Haverhill is a city in Marshall County, Iowa, United States. The population was 165 at the time of the 2020 census.

Sites in Haverhill include the Immaculate Conception oratory, the Matthew Edel Blacksmith Shop and House, and the Mid-Iowa Co-Op, which owns the grain elevators on the south end of the city. A series of wind turbines owned by Mid-American Energy stretch from Haverhill to the nearby town of Laurel.

==History==
The St. Joseph's parochial school and the Immaculate Conception Church, established in the 1870s pre-date Haverhill's official 1882 platting by the Chicago, Milwaukee and St. Paul Railway (also known as the Milwaukee Road). The railroad carried both freight and passengers, with passenger service traveling east and west each stopping in Haverhill three times daily. The community mostly stored grain in elevators, while hosting several small industries and town services including a lumber company, blacksmith shop, bank, general store, grocer, and schools.

Throughout the 20th century, these businesses and services mostly closed.
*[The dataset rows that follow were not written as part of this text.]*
lemma progression_times_24_plus_1:
  fixes Q p n i :: nat
  assumes "Q * p\<^sup>2 mod 24 = 1"
  shows "24 * (Q * p\<^sup>2 * n + ((24 * i + p) * Q * p - 1) div 24) + 1
    = Q * (p * (p * (24 * n + 1) + 24 * i))"
proof -
  obtain c where c: "Q * p\<^sup>2 = 24 * c + 1"
    using assms div_mult_mod_eq[of "Q * p\<^sup>2" 24] by (metis add.commute mult.commute)
  have "(24 * i + p) * Q * p = 24 * (i * Q * p) + Q * p\<^sup>2"
    by (simp add: algebra_simps power2_eq_square)
  also have "\<dots> = 24 * (i * Q * p + c) + 1"
    unfolding c by simp
  finally have "((24 * i + p) * Q * p - 1) div 24 = i * Q * p + c"
    by simp
  then have "24 * (Q * p\<^sup>2 * n + ((24 * i + p) * Q * p - 1) div 24) + 1
      = 24 * (Q * p\<^sup>2 * n) + 24 * (i * Q * p) + (24 * c + 1)"
    by simp
  also have "\<dots> = Q * (p * (p * (24 * n + 1) + 24 * i))"
    unfolding c[symmetric] by (simp add: algebra_simps power2_eq_square)
  finally show ?thesis .
qed

lemma not_square_progression:
  fixes R p n i m :: nat
  assumes "prime p" "5 \<le> p" "0 < i" "i < p" "R \<noteq> 0"
  shows "R\<^sup>2 * (p * (p * (24 * n + 1) + 24 * i)) \<noteq> m\<^sup>2"
proof -
  have "\<not> p dvd 24 * i"
    using prime_not_dvd_24[OF assms(1,2)] assms(1,3,4) by (auto simp: prime_dvd_mult_iff dest: dvd_imp_le)
  then have "\<not> p dvd p * (24 * n + 1) + 24 * i"
    by (metis dvd_add_right_iff dvd_triv_left)
  then show ?thesis
    using square_cancel_square_factor[OF assms(5)] prime_times_non_multiple_not_square[OF assms(1)]
    by metis
qed

theorem theorem3p6:
  fixes ps :: "nat list" and n i :: nat
  assumes "length ps \<ge> 1"
    and "\<forall>p \<in> set ps. prime p \<and> p \<ge> 5"
    and "1 \<le> i" and "i \<le> last ps - 1"
  shows "even (b 2 ((\<Prod>p\<leftarrow>ps. p^2) * n
          + ((24 * i + last ps) * (\<Prod>p\<leftarrow>butlast ps. p^2) * last ps - 1) div 24))"
proof (rule even_b2_if_not_square)
  obtain qs p where ps: "ps = qs @ [p]"
    using assms(1) by (cases ps rule: rev_exhaust) auto
  define R where "R = prod_list qs"
  have p: "prime p" "5 \<le> p" and i: "0 < i" "i < p"
    using assms(2-4) by (auto simp: ps)
  have R: "R\<^sup>2 mod 24 = 1"
    using prod_squares_mod_24[of qs] assms(2) by (simp add: ps R_def prod_list_power)
  then have "R \<noteq> 0"
    by (metis mod_0 power_zero_numeral zero_neq_one)
  have "R\<^sup>2 * p\<^sup>2 mod 24 = 1"
    using R prime_square_mod_24[OF p] mod_mult_eq[of "R\<^sup>2" 24 "p\<^sup>2"] by simp
  moreover have "(\<Prod>q\<leftarrow>ps. q\<^sup>2) = R\<^sup>2 * p\<^sup>2" "(\<Prod>q\<leftarrow>butlast ps. q\<^sup>2) = R\<^sup>2" "last ps = p"
    by (simp_all add: ps R_def prod_list_power)
  ultimately show "\<nexists>m. 24 * ((\<Prod>p\<leftarrow>ps. p^2) * n
          + ((24 * i + last ps) * (\<Prod>p\<leftarrow>butlast ps. p^2) * last ps - 1) div 24) + 1 = m\<^sup>2"
    using progression_times_24_plus_1 not_square_progression[OF p i \<open>R \<noteq> 0\<close>] by metis
qed

end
Rail traffic fell, first losing passenger rail service before freight traffic ceased in 1980. Prior to this, the German Savings Bank (established in 1908) shuttered in the early 1920s. By the mid-20th century, the public school had merged into the Marshalltown Community School District, with the St. Joseph's Catholic school closing in 1968.
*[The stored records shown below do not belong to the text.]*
(* Let $F$ be a dill map with diameter $\delta$ and local rule $f$. (1) If $M,M'\in\mathbb N$ are such that for every $u\in A^*$ and every $j\in\{0,\dots,|u|-1\}$, $d_L(f^*(D_j(u)),f^*(u))\le M+\frac{|f^*(u)|-|f^*(D_j(u))|}{2}$ and $d_L(f^*(D_j(u)),f^*(u))\le M'-\frac{|f^*(u)|-|f^*(D_j(u))|}{2}$, then $F$ is $\frac{M+M'}{\lfloor f\rfloor}$-Lipschitz with respect to $\mathfrak d_L$. (2) If $L>0$ and $x\in A^{\mathbb N}$ satisfies $|f(x_{[i,i+\delta)})|\ge L$ for every $i\in\mathbb N$, then for every $y\in A^{\mathbb N}$, $\mathfrak d_L(F(x),F(y))\le(2\delta-1)\frac{\lceil f\rceil}{L}\mathfrak d_L(x,y)$. In particular, if $\tau$ is a substitution and $x$ satisfies $|\tau(x_i)|\ge L$ for all $i$, then $\mathfrak d_L(\overline\tau(x),\overline\tau(y))\le\frac{\lceil\tau\rceil}{L}\mathfrak d_L(x,y)$ for every $y$. (3) $F$ is $(2\delta-1)\frac{\lceil f\rceil}{\lfloor f\rfloor}$-Lipschitz with respect to $\mathfrak d_L$; in particular every substitution $\tau$ yields a $\frac{\lceil\tau\rceil}{\lfloor\tau\rfloor}$-Lipschitz map $\overline\tau$ with respect to $\mathfrak d_L$.
   Context: $A$ is a finite alphabet; $u_{[i,j)}=u_i\cdots u_{j-1}$. A dill map with diameter $\delta\ge1$ has local rule $f:A^\delta\to A^+$ and is $F(x)=f(x_{[0,\delta)})f(x_{[1,\delta+1)})\cdots$; $\lfloor f\rfloor=\min_{u\in A^\delta}|f(u)|$, $\lceil f\rceil=\max_{u\in A^\delta}|f(u)|$. $f^*(u)=f(u_{[0,\delta)})\cdots f(u_{[|u|-\delta,|u|)})$ if $|u|\ge\delta$, empty otherwise. $D_j(u)$ is $u$ with the letter at position $j$ deleted. A substitution is a nonerasing morphism $\tau:A^*\to A^*$ (a dill map with $\delta=1$), $\overline\tau(z)=\tau(z_0)\tau(z_1)\cdots$, $\lfloor\tau\rfloor=\min_a|\tau(a)|$, $\lceil\tau\rceil=\max_a|\tau(a)|$. The Levenshtein distance is $d_L(u,v)=\frac{|u|+|v|}{2}-\ell$, $\ell$ the length of a longest common subsequence. The Feldman pseudo-metric is $\mathfrak d_L(x,y)=\limsup_{l\to\infty}d_L(x_{[0,l)},y_{[0,l)})/l$. A map $G$ is $C$-Lipschitz w.r.t. $\mathfrak d_L$ if $\mathfrak d_L(G(x),G(y))\le C\,\mathfrak d_L(x,y)$ for all $x,y$. *)

theory Defs
  imports "HOL-Analysis.Analysis" "HOL-Library.Sublist" "HOL-Library.Extended_Real"
begin

definition pre :: "(nat \<Rightarrow> 'a) \<Rightarrow> nat \<Rightarrow> 'a list" where
  "pre x l = map x [0..<l]"

definition window :: "nat \<Rightarrow> (nat \<Rightarrow> 'a) \<Rightarrow> nat \<Rightarrow> 'a list" where
  "window \<delta> x i = map x [i..<i+\<delta>]"

definition fstar :: "('a list \<Rightarrow> 'a list) \<Rightarrow> nat \<Rightarrow> 'a list \<Rightarrow> 'a list" where
  "fstar f \<delta> u = (if \<delta> \<le> length u
     then concat (map (\<lambda>i. f (take \<delta> (drop i u))) [0..<length u - \<delta> + 1]) else [])"

text \<open>Dill map F(x) = f(x[0,\<delta>)) f(x[1,\<delta>+1)) ...; its k-th letter is the k-th letter of
  f*(x[0,k+\<delta>)), which has length at least k+1 (outputs are nonempty).\<close>
definition dill :: "('a list \<Rightarrow> 'a list) \<Rightarrow> nat \<Rightarrow> (nat \<Rightarrow> 'a) \<Rightarrow> nat \<Rightarrow> 'a" where
  "dill f \<delta> x k = fstar f \<delta> (pre x (k + \<delta>)) ! k"

definition subst_inf :: "('a \<Rightarrow> 'a list) \<Rightarrow> (nat \<Rightarrow> 'a) \<Rightarrow> nat \<Rightarrow> 'a" where
  "subst_inf \<tau> z k = concat (map (\<lambda>i. \<tau> (z i)) [0..<k+1]) ! k"

definition rule_min :: "('a list \<Rightarrow> 'a list) \<Rightarrow> nat \<Rightarrow> nat" where
  "rule_min f \<delta> = Min {length (f u) | u. length u = \<delta>}"

definition rule_max :: "('a list \<Rightarrow> 'a list) \<Rightarrow> nat \<Rightarrow> nat" where
  "rule_max f \<delta> = Max {length (f u) | u. length u = \<delta>}"

definition subst_min :: "('a \<Rightarrow> 'a list) \<Rightarrow> nat" where
  "subst_min \<tau> = Min (range (\<lambda>a. length (\<tau> a)))"

definition subst_max :: "('a \<Rightarrow> 'a list) \<Rightarrow> nat" where
  "subst_max \<tau> = Max (range (\<lambda>a. length (\<tau> a)))"

definition del_at :: "nat \<Rightarrow> 'a list \<Rightarrow> 'a list" where
  "del_at j u = take j u @ drop (Suc j) u"

definition lcs_len :: "'a list \<Rightarrow> 'a list \<Rightarrow> nat" where
  "lcs_len u v = Max {length w | w. subseq w u \<and> subseq w v}"

definition lev :: "'a list \<Rightarrow> 'a list \<Rightarrow> real" where
  "lev u v = (real (length u) + real (length v)) / 2 - real (lcs_len u v)"

definition feldman :: "(nat \<Rightarrow> 'a) \<Rightarrow> (nat \<Rightarrow> 'a) \<Rightarrow> ereal" where
  "feldman x y = limsup (\<lambda>l. ereal (lev (pre x l) (pre y l) / real l))"

definition lipschitz_feldman :: "real \<Rightarrow> ((nat \<Rightarrow> 'a) \<Rightarrow> (nat \<Rightarrow> 'a)) \<Rightarrow> bool" where
  "lipschitz_feldman C G \<longleftrightarrow> (\<forall>x y. feldman (G x) (G y) \<le> ereal C * feldman x y)"

end

theory Submission
  imports Defs
begin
The town was only officially incorporated in 1968, when residents chose to elect a city government, establishing municipal services, including a fire department. Just before the city's official incorporation, the Haverhill Development Corporation expanded streets and available housing from 3rd Avenue to 4th Avenue. The town's roads were then paved in the 1980s, with sewer services later overhauled in the 1990s and early 2000s.

==Geography==
According to the United States Census Bureau, the city has a total area of 0.13 sqmi, all land.

==Demographics==
===2020 census===
As of the census of 2020, there were 165 people, 67 households, and 51 families residing in the city. The population density was 1,187.5 inhabitants per square mile (458.5/km^{2}). There were 67 housing units at an average density of 482.2 per square mile (186.2/km^{2}). The racial makeup of the city was 97.0% White, 0.0% Black or African American, 0.0% Native American, 0.0% Asian, 0.0% Pacific Islander, 0.6% from other races and 2.4% from two or more races. Hispanic or Latino persons of any race comprised 1.2% of the population.
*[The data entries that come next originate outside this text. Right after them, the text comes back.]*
lemma inj_on_odd_degree_vertices:
  assumes "finite R" "\<forall>e\<in>R. e \<subseteq> V"
    and no_even: "\<And>C. C \<subseteq> R \<Longrightarrow> \<forall>v. even (degree C v) \<Longrightarrow> C = {}"
  shows "inj_on (\<lambda>S. {v\<in>V. odd (degree S v)}) (Pow R)"
proof (rule inj_onI)
  fix S T assume S: "S \<in> Pow R" and T: "T \<in> Pow R"
    and eq: "{v\<in>V. odd (degree S v)} = {v\<in>V. odd (degree T v)}"
  have fin: "finite S" "finite T"
    using S T assms(1) finite_subset by auto
  have "even (degree (sym_diff S T) v)" for v
  proof (cases "v \<in> V")
    case True
    then have "odd (degree S v) \<longleftrightarrow> odd (degree T v)"
      using eq by blast
    then show ?thesis
      using fin by (simp add: even_degree_sym_diff_iff)
  next
    case False
    then have "v \<notin> \<Union>(sym_diff S T)"
      using S T assms(2) by blast
    then show ?thesis
      by (simp add: degree_eq_0_if_notin)
  qed
  then have "sym_diff S T = {}"
    using S T by (intro no_even) auto
  then show "S = T" by blast
qed

lemma card_lt_if_no_even_subgraph:
  assumes "finite V" "V \<noteq> {}" "finite R" "\<forall>e\<in>R. e \<subseteq> V \<and> card e = 2"
    and no_even: "\<And>C. C \<subseteq> R \<Longrightarrow> \<forall>v. even (degree C v) \<Longrightarrow> C = {}"
  shows "card R < card V"
proof -
  obtain v0 where v0: "v0 \<in> V" using assms(2) by auto
  define odd_vertices where "odd_vertices S = {v\<in>V. odd (degree S v)}" for S
  \<comment> \<open>A set of odd vertices has even size, so it is determined by its trace on V - {v0}.\<close>
  have parity: "finite X" "even (card X)" if "X \<in> odd_vertices ` Pow R" for X
    using that assms(1,3,4) finite_subset
    by (auto simp: odd_vertices_def intro!: even_card_odd_degree_vertices)
  have "inj_on (\<lambda>X. X - {v0}) (odd_vertices ` Pow R)"
  proof (rule inj_onI)
    fix X Y assume X: "X \<in> odd_vertices ` Pow R" and Y: "Y \<in> odd_vertices ` Pow R"
      and "X - {v0} = Y - {v0}"
    then show "X = Y"
      using parity[OF X] parity[OF Y] eq_if_Diff_singleton_eq_even_card[of X Y v0] by simp
  qed
  then have "inj_on (\<lambda>S. odd_vertices S - {v0}) (Pow R)"
    using comp_inj_on[OF inj_on_odd_degree_vertices[OF assms(3) _ no_even]] assms(4)
    unfolding odd_vertices_def comp_def by blast
  moreover have "(\<lambda>S. odd_vertices S - {v0}) ` Pow R \<subseteq> Pow (V - {v0})"
    unfolding odd_vertices_def by auto
  ultimately have "card (Pow R) \<le> card (Pow (V - {v0}))"
    using assms(1) by (intro card_inj_on_le) auto
  then have "card R \<le> card (V - {v0})"
    using assms(1,3) by (simp add: card_Pow)
  moreover have "card V > 0"
    using assms(1) v0 card_gt_0_iff by blast
  ultimately show ?thesis
    using v0 by (simp add: card_Diff_singleton)
qed

lemma exists_large_even_subgraph:
  assumes "graph V E" "V \<noteq> {}"
  obtains H where "H \<subseteq> E" "\<forall>v. even (degree H v)" "card E < card H + card V"
proof -
  have fin: "finite V" "finite E" and edges: "\<forall>e\<in>E. e \<subseteq> V \<and> card e = 2"
    using assms(1) graph_finite_edges unfolding graph_def by auto
  define even_subgraph where "even_subgraph H \<longleftrightarrow> H \<subseteq> E \<and> (\<forall>v. even (degree H v))" for H
  have "even_subgraph {}" unfolding even_subgraph_def degree_def by simp
  moreover have "\<forall>H. even_subgraph H \<longrightarrow> card H < card E + 1"
    unfolding even_subgraph_def using fin(2) by (simp add: card_mono less_Suc_eq_le)
  ultimately obtain H where H: "even_subgraph H"
    and H_max: "\<forall>H'. even_subgraph H' \<longrightarrow> card H' \<le> card H"
    using Lattices_Big.ex_has_greatest_nat[of even_subgraph "{}" card] by blast
  have "H \<subseteq> E" and H_even: "\<forall>v. even (degree H v)"
    using H unfolding even_subgraph_def by auto
  then have finH: "finite H" using fin(2) finite_subset by blast
  have "card (E - H) < card V"
  proof (rule card_lt_if_no_even_subgraph[OF fin(1) assms(2)])
    fix C assume C: "C \<subseteq> E - H" "\<forall>v. even (degree C v)"
    have finC: "finite C" using C(1) fin(2) finite_subset by blast
    have disj: "H \<inter> C = {}" using C(1) by blast
    have "even_subgraph (H \<union> C)"
      unfolding even_subgraph_def
      using C \<open>H \<subseteq> E\<close> H_even degree_Un_disjoint[OF finH finC disj] by auto
    then have "card (H \<union> C) \<le> card H"
      using H_max by blast
    then have "card H + card C \<le> card H"
      by (simp add: card_Un_disjoint[OF finH finC disj])
    then show "C = {}" using finC by simp
  qed (use fin edges in auto)
  moreover have "card E = card H + card (E - H)"
    using \<open>H \<subseteq> E\<close> fin(2) finH by (simp add: card_Diff_subset card_mono)
  ultimately show thesis using that \<open>H \<subseteq> E\<close> H_even by simp
qed

definition component_edges :: "'a set set \<Rightarrow> 'a \<Rightarrow> 'a set set" where
  "component_edges H a = {e\<in>H. \<forall>x\<in>e. (adj H)\<^sup>*\<^sup>* a x}"

definition edge_density :: "'a set set \<Rightarrow> real" where
  "edge_density H = real (card H) / real (card (\<Union>H))"

lemma component_edges_subset: "component_edges H a \<subseteq> H"
  unfolding component_edges_def by blast

lemma symp_adj: "symp (adj H)"
  unfolding symp_def adj_def by (simp add: insert_commute)

lemma rtranclp_adj_sym: "(adj H)\<^sup>*\<^sup>* u v \<Longrightarrow> (adj H)\<^sup>*\<^sup>* v u"
  using symp_rtranclp[OF symp_adj] by (rule sympD)

lemma rtranclp_adj_edge:
  assumes "e \<in> H" "card e = 2" "x \<in> e" "y \<in> e"
  shows "(adj H)\<^sup>*\<^sup>* x y"
proof (cases "x = y")
  case False
  from assms(2) obtain p q where "e = {p, q}"
    unfolding card_2_iff by blast
  with False assms(3,4) have "e = {x, y}" by auto
  with assms(1) have "adj H x y" unfolding adj_def by simp
  then show ?thesis by (rule r_into_rtranclp)
qed simp

lemma component_edges_closed:
  assumes "\<forall>e\<in>H. card e = 2" "e \<in> H" "x \<in> e" "(adj H)\<^sup>*\<^sup>* a x"
  shows "e \<in> component_edges H a"
  unfolding component_edges_def
proof (intro CollectI conjI ballI)
  fix y assume "y \<in> e"
  with assms(1-3) have "(adj H)\<^sup>*\<^sup>* x y" by (intro rtranclp_adj_edge) auto
  with assms(4) show "(adj H)\<^sup>*\<^sup>* a y" by (rule rtranclp_trans)
qed (fact assms(2))

lemma degree_component_edges:
  assumes "\<forall>e\<in>H. card e = 2"
  shows "degree (component_edges H a) v = (if (adj H)\<^sup>*\<^sup>* a v then degree H v else 0)"
proof -
  have "{e \<in> component_edges H a. v \<in> e} =
      (if (adj H)\<^sup>*\<^sup>* a v then {e\<in>H. v \<in> e} else {})"
    using component_edges_closed[OF assms] unfolding component_edges_def by auto
  then show ?thesis
    unfolding degree_def by simp
qed

lemma rtranclp_adj_component_edges:
  "(adj H)\<^sup>*\<^sup>* a w \<Longrightarrow> (adj (component_edges H a))\<^sup>*\<^sup>* a w"
proof (induction rule: rtranclp_induct)
  case (step y z)
  have "(adj H)\<^sup>*\<^sup>* a z"
    using step.hyps by (rule rtranclp.rtrancl_into_rtrancl)
  with step.hyps have "adj (component_edges H a) y z"
    unfolding component_edges_def adj_def by auto
  with step.IH show ?case
    by (rule rtranclp.rtrancl_into_rtrancl)
qed simp

lemma eulerian_component_edges:
  assumes "\<forall>e\<in>H. card e = 2" "\<forall>v. even (degree H v)" "e \<in> H" "a \<in> e"
  shows "eulerian (\<Union>(component_edges H a)) (component_edges H a)"
  unfolding eulerian_def connected_graph_def
proof (intro conjI ballI)
  have "e \<in> component_edges H a"
    using component_edges_closed[OF assms(1,3,4)] by simp
  then show "\<Union>(component_edges H a) \<noteq> {}"
    using assms(4) by blast
next
  fix x y assume "x \<in> \<Union>(component_edges H a)" "y \<in> \<Union>(component_edges H a)"
  then have "(adj H)\<^sup>*\<^sup>* a x" "(adj H)\<^sup>*\<^sup>* a y"
    unfolding component_edges_def by auto
  then show "(adj (component_edges H a))\<^sup>*\<^sup>* x y"
    by (meson rtranclp_adj_component_edges rtranclp_adj_sym rtranclp_trans)
next
  fix v show "even (degree (component_edges H a) v)"
    using assms(2) by (simp add: degree_component_edges[OF assms(1)])
qed

lemma Union_component_edges_disjoint:
  assumes "\<forall>e\<in>H. card e = 2"
  shows "\<Union>(component_edges H a) \<inter> \<Union>(H - component_edges H a) = {}"
  using component_edges_closed[OF assms] unfolding component_edges_def by blast

lemma add_divide_add_le_max:
  fixes a b p q :: "'a :: linordered_field"
  assumes "p > 0" "q > 0"
  shows "(a + b) / (p + q) \<le> max (a / p) (b / q)"
proof -
  have "a \<le> max (a / p) (b / q) * p" "b \<le> max (a / p) (b / q) * q"
    using assms by (simp_all add: pos_divide_le_eq[symmetric])
  then have "a + b \<le> max (a / p) (b / q) * (p + q)"
    by (simp add: distrib_left)
  then show ?thesis
    using assms by (simp add: pos_divide_le_eq)
qed

lemma edge_density_Un_le_max:
  assumes "card (\<Union>A) > 0" "card (\<Union>B) > 0" "\<Union>A \<inter> \<Union>B = {}"
  shows "edge_density (A \<union> B) \<le> max (edge_density A) (edge_density B)"
proof -
  have "card (\<Union>(A \<union> B)) = card (\<Union>A) + card (\<Union>B)"
    using assms by (simp add: card_Un_disjoint card_gt_0_iff)
  then have "edge_density (A \<union> B) = real (card (A \<union> B)) / real (card (\<Union>A) + card (\<Union>B))"
    unfolding edge_density_def by simp
  also have "\<dots> \<le> real (card A + card B) / real (card (\<Union>A) + card (\<Union>B))"
    by (intro divide_right_mono of_nat_mono card_Un_le) simp
  also have "\<dots> \<le> max (edge_density A) (edge_density B)"
    unfolding edge_density_def using assms by (simp add: add_divide_add_le_max)
  finally show ?thesis .
qed

lemma even_degree_Diff_component_edges:
  assumes "finite H" "\<forall>e\<in>H. card e = 2" "\<forall>v. even (degree H v)"
  shows "\<forall>v. even (degree (H - component_edges H a) v)"
proof
  fix v
  let ?C = "component_edges H a"
  have "?C \<union> (H - ?C) = H"
    using component_edges_subset[of H a] by blast
  then have "degree H v = degree ?C v + degree (H - ?C) v"
    using degree_Un_disjoint[of ?C "H - ?C" v] finite_subset[OF component_edges_subset assms(1)]
      assms(1) by simp
  moreover have "even (degree ?C v)"
    using degree_component_edges[OF assms(2), of a v] assms(3) by simp
  ultimately show "even (degree (H - ?C) v)"
    using assms(3) by (metis even_add)
qed

lemma edge_density_le_max_component_edges:
  assumes "finite H" "\<forall>e\<in>H. card e = 2" "e \<in> H" "a \<in> e" "H - component_edges H a \<noteq> {}"
  shows "edge_density H \<le>
    max (edge_density (component_edges H a)) (edge_density (H - component_edges H a))"
proof -
  let ?C = "component_edges H a"
  have "e \<in> ?C"
    by (rule component_edges_closed[OF assms(2-4)]) simp
  moreover have "finite ?C" "\<forall>e\<in>?C. card e = 2"
    using finite_subset[OF component_edges_subset assms(1)] component_edges_subset[of H a] assms(2)
    by blast+
  ultimately have "card (\<Union>?C) > 0"
    by (intro card_Union_edges_pos) auto
  moreover have "card (\<Union>(H - ?C)) > 0"
    using assms(1,2,5) by (intro card_Union_edges_pos) auto
  ultimately have "edge_density (?C \<union> (H - ?C)) \<le> max (edge_density ?C) (edge_density (H - ?C))"
    using Union_component_edges_disjoint[OF assms(2)] by (intro edge_density_Un_le_max)
  moreover have "?C \<union> (H - ?C) = H"
    using component_edges_subset[of H a] by blast
  ultimately show ?thesis by simp
qed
Of the 67 households, 34.3% of which had children under the age of 18 living with them, 49.3% were married couples living together, 17.9% were cohabitating couples, 14.9% had a female householder with no spouse or partner present and 17.9% had a male householder with no spouse or partner present. 23.9% of all households were non-families. 14.9% of all households were made up of individuals, 1.5% had someone living alone who was 65 years old or older.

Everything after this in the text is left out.